MATERIAL FOR THE TASK:
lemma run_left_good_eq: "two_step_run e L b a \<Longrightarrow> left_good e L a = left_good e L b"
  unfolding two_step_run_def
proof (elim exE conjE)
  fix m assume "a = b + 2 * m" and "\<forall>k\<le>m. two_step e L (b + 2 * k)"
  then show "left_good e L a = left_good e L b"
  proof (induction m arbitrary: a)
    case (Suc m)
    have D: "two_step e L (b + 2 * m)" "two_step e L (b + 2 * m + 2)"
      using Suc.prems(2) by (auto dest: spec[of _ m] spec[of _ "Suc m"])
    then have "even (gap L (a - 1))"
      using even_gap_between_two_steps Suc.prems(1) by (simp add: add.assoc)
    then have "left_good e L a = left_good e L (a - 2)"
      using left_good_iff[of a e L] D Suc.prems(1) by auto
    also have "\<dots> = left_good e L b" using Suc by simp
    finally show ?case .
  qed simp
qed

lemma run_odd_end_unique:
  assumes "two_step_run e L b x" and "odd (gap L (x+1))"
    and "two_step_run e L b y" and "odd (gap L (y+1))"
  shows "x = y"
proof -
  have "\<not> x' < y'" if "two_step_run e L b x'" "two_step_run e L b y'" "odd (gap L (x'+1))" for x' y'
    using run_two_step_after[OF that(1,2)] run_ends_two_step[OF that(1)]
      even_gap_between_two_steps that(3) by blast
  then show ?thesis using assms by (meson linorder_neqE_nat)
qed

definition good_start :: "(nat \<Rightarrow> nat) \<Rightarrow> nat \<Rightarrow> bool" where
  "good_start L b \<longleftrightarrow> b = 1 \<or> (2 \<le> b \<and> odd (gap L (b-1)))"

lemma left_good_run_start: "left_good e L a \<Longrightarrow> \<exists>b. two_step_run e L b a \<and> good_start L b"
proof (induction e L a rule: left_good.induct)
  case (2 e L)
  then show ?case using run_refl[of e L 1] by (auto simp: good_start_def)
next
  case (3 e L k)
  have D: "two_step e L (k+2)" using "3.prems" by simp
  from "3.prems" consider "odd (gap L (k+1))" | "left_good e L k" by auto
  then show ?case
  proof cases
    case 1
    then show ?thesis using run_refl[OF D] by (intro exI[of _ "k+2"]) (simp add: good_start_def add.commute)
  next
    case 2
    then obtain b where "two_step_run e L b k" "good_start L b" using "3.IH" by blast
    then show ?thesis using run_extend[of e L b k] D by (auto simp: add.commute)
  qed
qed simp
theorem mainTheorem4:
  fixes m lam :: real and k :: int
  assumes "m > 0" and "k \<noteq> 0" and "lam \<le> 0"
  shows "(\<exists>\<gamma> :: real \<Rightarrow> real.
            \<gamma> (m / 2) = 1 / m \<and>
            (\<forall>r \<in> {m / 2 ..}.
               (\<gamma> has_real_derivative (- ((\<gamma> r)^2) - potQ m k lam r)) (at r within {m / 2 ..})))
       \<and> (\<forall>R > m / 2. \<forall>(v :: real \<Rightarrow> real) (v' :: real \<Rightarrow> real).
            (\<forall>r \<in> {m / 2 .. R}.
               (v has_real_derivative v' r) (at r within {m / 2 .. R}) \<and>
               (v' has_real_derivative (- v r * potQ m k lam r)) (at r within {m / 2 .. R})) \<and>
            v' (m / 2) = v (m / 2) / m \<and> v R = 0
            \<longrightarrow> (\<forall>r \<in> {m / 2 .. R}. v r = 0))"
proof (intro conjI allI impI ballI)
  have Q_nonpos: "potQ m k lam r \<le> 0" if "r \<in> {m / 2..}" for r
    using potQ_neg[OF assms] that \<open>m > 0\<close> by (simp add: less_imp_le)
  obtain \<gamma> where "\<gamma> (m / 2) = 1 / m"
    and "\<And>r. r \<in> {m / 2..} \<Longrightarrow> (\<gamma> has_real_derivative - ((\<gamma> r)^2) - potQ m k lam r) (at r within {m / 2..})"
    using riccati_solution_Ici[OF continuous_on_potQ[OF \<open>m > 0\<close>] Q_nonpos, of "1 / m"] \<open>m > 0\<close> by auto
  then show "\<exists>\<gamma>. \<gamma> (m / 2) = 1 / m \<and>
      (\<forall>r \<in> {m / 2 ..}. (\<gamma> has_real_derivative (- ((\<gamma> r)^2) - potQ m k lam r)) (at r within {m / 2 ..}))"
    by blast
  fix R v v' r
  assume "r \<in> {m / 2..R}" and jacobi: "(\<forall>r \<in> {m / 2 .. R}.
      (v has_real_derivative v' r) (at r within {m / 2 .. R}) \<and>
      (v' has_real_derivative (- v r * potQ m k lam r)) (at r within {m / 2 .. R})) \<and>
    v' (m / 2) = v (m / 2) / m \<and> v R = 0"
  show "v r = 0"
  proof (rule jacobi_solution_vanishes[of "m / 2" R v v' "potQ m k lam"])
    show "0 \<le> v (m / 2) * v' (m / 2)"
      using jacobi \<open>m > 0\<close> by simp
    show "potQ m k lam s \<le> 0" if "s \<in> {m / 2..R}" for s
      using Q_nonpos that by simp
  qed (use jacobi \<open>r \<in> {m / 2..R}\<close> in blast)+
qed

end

---

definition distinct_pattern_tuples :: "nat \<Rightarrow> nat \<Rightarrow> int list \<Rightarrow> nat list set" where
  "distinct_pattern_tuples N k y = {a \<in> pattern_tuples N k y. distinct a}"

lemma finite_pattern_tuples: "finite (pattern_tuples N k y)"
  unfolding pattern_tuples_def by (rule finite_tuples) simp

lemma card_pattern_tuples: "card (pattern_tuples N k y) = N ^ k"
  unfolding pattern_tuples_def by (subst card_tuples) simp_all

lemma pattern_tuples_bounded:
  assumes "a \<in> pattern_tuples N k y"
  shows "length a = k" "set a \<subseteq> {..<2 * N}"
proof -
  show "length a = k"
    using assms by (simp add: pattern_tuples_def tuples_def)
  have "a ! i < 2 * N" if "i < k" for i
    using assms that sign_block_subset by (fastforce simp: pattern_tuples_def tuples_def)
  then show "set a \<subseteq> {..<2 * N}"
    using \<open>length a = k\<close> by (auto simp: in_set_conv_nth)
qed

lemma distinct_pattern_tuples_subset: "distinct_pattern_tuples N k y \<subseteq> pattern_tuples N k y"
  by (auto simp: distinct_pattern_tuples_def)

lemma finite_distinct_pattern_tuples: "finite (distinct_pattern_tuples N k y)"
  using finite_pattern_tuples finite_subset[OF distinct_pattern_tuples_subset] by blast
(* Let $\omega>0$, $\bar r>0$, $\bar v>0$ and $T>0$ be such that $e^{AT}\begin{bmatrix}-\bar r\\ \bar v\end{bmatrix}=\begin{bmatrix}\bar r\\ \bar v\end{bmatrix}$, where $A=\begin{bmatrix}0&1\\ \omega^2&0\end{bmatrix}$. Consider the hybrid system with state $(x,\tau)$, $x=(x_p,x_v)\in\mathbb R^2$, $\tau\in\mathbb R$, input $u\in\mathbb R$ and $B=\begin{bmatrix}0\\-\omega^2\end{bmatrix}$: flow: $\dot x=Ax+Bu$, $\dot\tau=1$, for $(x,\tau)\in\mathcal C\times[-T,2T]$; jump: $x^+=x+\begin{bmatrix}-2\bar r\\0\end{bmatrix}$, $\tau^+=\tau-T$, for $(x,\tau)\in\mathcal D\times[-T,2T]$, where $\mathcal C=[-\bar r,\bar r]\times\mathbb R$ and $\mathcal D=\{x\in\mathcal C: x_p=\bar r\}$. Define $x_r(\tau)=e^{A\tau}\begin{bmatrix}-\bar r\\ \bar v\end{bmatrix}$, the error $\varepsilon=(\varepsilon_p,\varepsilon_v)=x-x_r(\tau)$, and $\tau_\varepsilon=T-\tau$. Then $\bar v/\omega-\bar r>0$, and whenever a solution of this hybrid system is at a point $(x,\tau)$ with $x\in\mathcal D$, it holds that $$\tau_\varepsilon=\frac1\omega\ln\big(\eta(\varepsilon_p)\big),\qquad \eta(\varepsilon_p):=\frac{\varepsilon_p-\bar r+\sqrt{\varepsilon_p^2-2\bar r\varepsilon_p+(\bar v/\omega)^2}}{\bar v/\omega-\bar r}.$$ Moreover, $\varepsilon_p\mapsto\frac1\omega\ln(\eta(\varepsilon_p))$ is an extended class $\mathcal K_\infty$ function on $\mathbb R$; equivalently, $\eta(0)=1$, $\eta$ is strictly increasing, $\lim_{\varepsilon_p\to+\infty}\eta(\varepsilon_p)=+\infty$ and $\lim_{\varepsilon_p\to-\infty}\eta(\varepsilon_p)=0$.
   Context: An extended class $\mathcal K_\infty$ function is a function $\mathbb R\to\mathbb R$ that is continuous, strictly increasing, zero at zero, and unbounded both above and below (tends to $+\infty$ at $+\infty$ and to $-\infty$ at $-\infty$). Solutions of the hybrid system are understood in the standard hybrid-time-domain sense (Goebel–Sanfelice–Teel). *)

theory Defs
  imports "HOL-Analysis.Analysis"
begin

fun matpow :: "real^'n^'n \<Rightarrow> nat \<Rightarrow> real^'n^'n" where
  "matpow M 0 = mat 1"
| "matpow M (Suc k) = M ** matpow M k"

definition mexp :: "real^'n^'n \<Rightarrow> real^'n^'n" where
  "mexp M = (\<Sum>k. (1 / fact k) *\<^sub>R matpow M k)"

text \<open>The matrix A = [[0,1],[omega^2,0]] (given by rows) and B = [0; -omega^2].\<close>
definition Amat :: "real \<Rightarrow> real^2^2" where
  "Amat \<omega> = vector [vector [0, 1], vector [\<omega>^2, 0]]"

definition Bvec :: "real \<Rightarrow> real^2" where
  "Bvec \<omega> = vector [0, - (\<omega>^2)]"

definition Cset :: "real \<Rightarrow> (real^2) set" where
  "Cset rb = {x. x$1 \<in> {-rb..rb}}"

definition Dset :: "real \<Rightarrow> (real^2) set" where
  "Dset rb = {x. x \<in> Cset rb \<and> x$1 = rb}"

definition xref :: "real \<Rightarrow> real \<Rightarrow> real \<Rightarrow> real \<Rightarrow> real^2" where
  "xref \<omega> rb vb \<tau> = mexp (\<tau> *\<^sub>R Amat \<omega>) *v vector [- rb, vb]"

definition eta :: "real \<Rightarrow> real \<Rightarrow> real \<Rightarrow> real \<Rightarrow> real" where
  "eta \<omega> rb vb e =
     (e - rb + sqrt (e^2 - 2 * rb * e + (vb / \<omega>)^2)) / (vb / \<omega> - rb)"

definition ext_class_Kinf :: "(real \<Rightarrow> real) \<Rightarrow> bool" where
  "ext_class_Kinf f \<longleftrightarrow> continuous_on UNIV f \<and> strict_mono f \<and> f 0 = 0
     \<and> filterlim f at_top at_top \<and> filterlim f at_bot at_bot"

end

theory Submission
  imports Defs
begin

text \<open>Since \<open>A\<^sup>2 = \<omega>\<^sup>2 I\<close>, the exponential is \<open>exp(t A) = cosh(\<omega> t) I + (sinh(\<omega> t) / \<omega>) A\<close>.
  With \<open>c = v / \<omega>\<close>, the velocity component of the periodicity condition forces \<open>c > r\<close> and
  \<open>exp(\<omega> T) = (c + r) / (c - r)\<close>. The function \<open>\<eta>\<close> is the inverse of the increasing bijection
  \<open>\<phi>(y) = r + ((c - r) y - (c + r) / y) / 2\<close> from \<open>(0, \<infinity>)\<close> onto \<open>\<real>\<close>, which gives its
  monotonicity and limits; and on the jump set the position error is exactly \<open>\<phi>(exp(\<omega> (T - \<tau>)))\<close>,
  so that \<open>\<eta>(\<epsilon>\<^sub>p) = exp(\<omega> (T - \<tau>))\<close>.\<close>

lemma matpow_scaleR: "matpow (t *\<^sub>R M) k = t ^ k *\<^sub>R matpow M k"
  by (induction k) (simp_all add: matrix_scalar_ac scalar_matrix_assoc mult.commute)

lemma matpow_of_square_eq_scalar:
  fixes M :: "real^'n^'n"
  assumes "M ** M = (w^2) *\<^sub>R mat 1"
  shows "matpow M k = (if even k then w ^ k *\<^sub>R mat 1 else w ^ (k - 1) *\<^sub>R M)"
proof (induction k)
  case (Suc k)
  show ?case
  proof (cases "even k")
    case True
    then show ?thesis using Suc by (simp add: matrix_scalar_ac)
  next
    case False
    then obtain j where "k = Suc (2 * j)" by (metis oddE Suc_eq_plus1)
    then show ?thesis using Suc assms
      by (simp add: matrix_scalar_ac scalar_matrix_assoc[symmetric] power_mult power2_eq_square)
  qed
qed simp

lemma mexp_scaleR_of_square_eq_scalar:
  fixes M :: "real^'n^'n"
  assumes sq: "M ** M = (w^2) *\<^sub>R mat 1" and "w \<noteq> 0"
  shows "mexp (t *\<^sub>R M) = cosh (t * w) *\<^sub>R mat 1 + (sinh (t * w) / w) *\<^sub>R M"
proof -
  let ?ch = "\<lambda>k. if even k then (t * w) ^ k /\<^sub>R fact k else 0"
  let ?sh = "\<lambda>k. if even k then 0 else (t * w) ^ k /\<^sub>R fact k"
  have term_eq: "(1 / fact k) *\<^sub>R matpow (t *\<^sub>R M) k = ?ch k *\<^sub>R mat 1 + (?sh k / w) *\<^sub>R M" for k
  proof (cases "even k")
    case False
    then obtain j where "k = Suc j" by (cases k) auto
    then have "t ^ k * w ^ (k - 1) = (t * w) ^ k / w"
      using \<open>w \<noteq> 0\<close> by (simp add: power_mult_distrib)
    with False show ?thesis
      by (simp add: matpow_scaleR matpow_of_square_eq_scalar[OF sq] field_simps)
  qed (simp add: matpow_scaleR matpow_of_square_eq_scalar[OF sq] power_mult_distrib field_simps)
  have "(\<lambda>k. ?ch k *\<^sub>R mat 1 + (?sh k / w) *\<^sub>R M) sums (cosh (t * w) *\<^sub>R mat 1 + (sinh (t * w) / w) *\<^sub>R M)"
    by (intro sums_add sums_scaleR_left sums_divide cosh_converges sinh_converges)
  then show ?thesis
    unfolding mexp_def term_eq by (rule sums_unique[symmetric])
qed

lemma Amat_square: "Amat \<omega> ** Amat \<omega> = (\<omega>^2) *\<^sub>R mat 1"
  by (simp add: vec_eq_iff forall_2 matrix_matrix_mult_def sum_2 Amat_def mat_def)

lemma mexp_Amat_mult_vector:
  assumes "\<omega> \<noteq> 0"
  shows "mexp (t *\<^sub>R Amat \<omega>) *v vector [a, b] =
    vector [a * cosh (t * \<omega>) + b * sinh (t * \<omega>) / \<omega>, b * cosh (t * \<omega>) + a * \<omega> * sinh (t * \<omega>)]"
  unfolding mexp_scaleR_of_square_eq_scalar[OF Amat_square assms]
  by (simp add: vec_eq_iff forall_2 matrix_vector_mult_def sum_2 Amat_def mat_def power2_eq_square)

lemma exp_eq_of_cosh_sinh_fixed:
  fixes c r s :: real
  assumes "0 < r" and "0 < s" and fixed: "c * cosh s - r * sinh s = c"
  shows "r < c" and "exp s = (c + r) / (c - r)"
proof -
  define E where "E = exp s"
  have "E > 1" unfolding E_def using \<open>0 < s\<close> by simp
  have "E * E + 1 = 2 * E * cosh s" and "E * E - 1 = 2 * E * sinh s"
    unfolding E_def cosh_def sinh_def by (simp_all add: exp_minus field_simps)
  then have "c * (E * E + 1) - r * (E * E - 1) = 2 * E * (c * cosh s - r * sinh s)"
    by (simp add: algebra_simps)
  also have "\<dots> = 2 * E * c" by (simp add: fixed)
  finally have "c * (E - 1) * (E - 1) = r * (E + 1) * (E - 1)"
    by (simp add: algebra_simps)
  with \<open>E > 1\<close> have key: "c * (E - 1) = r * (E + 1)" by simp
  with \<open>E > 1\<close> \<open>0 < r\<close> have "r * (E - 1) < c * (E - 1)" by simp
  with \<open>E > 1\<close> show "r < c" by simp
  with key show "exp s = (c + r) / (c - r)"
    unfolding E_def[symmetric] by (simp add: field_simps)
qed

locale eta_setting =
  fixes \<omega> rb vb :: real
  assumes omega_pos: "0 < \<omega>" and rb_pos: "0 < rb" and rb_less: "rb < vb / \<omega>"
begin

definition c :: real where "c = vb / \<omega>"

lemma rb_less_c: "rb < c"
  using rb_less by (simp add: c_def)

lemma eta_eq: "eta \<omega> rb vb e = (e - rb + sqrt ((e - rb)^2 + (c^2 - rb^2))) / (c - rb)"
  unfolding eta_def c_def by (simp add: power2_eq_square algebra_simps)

DIRECTIONS FOR THIS TASK: Work out how many lines in the material above hold the word "thesis"; answer with the number only.

EXERCISE RESPONSE: 7